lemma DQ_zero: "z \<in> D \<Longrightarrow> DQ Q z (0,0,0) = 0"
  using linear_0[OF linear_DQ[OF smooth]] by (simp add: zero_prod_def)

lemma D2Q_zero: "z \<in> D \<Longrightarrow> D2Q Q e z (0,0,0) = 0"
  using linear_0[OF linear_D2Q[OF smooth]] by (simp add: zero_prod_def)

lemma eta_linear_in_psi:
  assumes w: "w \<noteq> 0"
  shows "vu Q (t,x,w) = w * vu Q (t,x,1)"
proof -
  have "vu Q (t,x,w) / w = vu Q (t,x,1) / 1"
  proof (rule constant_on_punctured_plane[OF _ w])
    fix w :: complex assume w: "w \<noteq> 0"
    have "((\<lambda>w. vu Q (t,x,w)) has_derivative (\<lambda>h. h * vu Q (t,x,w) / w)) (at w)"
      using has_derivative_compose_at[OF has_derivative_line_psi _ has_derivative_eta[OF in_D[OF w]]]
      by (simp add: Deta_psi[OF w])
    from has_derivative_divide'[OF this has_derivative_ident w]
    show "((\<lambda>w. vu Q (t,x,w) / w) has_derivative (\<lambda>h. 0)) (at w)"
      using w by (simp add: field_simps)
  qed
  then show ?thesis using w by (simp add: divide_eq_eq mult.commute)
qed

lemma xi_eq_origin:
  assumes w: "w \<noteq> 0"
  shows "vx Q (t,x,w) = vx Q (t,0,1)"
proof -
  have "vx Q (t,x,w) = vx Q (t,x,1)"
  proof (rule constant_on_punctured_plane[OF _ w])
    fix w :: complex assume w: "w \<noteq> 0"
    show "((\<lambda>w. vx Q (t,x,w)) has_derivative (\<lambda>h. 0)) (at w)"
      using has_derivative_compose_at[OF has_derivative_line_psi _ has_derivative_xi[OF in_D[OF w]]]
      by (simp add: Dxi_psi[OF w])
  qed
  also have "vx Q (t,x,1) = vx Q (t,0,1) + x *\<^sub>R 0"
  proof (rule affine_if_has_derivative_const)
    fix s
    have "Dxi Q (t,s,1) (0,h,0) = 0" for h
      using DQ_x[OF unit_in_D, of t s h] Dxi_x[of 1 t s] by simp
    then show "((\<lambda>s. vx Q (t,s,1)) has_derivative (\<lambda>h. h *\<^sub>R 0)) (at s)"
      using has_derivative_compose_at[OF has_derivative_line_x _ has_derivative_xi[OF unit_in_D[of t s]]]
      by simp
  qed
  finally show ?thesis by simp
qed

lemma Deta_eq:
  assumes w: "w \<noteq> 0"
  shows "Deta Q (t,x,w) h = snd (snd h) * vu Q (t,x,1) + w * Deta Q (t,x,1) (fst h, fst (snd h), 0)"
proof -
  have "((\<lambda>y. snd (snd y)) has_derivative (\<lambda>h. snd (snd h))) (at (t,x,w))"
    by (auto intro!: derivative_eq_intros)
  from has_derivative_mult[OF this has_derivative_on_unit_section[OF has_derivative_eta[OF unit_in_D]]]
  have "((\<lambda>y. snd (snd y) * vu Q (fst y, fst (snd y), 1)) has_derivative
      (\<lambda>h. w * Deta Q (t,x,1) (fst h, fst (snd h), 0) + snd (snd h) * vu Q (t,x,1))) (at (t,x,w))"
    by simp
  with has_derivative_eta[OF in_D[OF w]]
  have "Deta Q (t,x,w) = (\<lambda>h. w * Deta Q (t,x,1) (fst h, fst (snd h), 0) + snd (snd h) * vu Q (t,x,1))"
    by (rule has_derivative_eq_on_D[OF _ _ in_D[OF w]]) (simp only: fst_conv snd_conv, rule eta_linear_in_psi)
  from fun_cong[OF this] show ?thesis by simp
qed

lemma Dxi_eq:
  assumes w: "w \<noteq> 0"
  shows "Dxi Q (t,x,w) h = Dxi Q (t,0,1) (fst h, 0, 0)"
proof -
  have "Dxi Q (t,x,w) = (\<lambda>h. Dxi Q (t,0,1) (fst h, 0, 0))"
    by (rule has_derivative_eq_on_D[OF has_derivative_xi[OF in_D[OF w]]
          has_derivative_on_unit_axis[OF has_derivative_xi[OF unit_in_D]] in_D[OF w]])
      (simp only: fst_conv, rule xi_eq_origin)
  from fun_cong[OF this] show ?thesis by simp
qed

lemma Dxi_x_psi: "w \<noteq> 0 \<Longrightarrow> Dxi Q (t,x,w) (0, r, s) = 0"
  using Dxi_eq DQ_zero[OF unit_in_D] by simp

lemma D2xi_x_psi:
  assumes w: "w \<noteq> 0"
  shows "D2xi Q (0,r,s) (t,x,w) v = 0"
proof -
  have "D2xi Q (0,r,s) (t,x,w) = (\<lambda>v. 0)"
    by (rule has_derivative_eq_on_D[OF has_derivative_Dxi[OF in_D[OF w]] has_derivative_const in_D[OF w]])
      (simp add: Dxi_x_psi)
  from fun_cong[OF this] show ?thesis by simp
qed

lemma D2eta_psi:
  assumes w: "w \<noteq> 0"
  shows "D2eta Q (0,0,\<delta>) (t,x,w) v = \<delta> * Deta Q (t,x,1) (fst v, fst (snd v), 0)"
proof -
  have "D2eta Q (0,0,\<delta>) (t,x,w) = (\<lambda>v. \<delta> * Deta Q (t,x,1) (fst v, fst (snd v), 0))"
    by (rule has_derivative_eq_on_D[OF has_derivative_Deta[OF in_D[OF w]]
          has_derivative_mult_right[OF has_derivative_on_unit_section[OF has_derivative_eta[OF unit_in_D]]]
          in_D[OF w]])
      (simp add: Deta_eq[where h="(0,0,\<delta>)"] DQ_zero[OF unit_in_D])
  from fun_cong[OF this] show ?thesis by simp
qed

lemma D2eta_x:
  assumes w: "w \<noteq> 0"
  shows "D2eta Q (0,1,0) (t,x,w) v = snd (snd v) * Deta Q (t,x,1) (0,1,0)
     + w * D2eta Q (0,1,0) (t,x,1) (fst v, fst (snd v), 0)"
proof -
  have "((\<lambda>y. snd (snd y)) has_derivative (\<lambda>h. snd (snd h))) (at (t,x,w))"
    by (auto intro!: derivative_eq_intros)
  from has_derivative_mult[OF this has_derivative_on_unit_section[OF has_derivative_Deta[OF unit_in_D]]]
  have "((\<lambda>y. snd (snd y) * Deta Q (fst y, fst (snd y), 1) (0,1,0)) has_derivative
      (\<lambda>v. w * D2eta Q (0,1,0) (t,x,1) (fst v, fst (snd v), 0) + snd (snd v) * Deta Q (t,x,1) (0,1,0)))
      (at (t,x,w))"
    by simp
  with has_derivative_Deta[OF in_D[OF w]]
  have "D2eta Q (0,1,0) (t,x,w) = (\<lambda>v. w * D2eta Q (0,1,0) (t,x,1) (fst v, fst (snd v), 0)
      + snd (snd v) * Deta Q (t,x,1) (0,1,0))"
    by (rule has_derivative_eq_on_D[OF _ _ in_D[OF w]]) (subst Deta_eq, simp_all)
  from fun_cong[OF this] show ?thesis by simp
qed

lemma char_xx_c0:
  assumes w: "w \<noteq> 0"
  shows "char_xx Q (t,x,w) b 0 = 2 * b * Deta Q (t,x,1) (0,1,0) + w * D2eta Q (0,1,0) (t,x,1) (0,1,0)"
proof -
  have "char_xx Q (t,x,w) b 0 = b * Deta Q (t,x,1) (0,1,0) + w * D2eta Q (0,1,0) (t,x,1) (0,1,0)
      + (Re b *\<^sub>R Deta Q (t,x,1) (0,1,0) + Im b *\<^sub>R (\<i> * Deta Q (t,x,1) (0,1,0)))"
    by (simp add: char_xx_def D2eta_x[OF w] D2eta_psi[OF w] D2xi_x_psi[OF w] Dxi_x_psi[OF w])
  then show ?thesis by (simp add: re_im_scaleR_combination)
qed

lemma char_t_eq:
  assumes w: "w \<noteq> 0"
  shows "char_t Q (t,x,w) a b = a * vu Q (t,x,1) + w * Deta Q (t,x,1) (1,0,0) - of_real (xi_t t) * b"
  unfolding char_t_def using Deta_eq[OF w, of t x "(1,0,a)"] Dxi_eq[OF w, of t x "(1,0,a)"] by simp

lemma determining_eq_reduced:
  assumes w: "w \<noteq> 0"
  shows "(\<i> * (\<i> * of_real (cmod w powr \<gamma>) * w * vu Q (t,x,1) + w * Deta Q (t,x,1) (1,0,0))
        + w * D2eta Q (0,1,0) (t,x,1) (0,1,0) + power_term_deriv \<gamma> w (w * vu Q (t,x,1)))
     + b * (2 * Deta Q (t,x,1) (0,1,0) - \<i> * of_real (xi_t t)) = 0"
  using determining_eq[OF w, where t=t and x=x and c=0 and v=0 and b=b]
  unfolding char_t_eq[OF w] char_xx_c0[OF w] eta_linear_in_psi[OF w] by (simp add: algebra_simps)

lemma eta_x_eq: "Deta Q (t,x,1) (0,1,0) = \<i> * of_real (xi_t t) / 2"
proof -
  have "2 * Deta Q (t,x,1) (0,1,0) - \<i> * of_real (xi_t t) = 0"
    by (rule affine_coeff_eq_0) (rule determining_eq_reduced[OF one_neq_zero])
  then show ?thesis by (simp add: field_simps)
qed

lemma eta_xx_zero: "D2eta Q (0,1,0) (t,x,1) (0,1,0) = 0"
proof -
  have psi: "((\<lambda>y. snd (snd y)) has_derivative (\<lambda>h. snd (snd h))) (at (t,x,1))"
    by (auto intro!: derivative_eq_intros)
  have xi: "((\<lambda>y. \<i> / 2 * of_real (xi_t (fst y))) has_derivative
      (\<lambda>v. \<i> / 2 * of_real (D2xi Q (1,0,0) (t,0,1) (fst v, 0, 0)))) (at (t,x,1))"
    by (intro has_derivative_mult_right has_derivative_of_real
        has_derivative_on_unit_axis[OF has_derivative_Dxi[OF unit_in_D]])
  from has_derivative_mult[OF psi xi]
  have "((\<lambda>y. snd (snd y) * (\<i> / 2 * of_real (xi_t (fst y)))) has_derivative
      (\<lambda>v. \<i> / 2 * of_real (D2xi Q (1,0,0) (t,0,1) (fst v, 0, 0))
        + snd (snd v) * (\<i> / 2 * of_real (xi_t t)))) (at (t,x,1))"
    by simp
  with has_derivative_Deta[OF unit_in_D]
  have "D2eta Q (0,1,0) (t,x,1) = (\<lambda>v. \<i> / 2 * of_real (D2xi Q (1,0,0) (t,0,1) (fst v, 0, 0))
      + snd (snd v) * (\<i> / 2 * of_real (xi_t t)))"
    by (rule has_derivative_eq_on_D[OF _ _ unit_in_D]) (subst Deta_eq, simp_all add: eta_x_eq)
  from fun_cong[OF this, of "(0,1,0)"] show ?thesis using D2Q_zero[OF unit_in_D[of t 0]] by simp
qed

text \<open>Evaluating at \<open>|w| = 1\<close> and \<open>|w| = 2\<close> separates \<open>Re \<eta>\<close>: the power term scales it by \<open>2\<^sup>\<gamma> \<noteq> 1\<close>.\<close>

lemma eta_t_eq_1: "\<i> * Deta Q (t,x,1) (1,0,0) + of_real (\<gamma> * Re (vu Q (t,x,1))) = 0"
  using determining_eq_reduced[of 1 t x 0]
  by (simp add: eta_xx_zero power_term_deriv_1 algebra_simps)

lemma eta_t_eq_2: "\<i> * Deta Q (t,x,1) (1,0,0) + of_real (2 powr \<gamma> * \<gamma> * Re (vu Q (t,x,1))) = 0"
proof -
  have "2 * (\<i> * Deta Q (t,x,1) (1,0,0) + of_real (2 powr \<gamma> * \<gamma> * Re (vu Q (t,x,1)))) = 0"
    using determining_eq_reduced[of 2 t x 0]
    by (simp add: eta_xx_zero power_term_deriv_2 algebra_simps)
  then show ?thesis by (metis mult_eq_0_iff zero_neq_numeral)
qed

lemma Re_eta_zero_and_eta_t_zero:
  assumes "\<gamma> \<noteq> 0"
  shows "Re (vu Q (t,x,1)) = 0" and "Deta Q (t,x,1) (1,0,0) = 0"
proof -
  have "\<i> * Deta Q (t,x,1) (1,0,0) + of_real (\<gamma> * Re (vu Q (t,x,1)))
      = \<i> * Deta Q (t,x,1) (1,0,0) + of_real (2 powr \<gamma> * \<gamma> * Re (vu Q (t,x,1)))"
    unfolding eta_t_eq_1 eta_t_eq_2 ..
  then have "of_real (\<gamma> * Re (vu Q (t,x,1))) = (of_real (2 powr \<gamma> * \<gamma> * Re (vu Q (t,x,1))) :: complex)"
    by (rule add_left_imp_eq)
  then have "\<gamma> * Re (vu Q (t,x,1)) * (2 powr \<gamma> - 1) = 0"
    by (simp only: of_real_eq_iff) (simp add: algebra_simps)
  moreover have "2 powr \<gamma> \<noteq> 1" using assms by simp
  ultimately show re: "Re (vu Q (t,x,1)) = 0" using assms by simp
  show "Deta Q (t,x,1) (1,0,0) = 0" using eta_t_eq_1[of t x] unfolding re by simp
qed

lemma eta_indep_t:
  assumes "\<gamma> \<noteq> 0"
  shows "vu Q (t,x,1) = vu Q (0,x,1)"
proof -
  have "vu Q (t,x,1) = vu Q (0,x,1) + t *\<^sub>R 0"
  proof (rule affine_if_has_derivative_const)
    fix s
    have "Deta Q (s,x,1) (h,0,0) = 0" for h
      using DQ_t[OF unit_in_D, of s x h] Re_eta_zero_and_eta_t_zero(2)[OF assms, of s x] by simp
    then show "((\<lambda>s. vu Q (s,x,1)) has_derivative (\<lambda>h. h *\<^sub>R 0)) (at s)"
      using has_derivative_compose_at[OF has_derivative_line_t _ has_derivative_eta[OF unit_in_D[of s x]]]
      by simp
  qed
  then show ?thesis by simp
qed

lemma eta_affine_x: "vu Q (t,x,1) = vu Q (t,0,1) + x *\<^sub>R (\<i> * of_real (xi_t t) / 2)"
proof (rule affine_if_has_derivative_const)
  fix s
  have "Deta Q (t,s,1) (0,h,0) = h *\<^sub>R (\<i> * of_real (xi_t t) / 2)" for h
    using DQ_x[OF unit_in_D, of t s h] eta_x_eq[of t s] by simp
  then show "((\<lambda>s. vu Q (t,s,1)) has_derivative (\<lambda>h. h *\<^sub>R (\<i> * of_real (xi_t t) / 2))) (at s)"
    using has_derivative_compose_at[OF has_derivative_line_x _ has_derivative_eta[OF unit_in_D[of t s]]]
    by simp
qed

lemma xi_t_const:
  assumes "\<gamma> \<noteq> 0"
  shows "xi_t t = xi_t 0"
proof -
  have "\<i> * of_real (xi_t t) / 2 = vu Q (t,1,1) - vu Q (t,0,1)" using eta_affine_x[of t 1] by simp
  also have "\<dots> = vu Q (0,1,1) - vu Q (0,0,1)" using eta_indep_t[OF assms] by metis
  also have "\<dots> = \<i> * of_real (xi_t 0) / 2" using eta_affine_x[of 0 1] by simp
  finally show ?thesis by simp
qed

◆ Instructions to follow: The expected answer is one number: how many lines of the material contain the word "assms".

◆ Answer: 4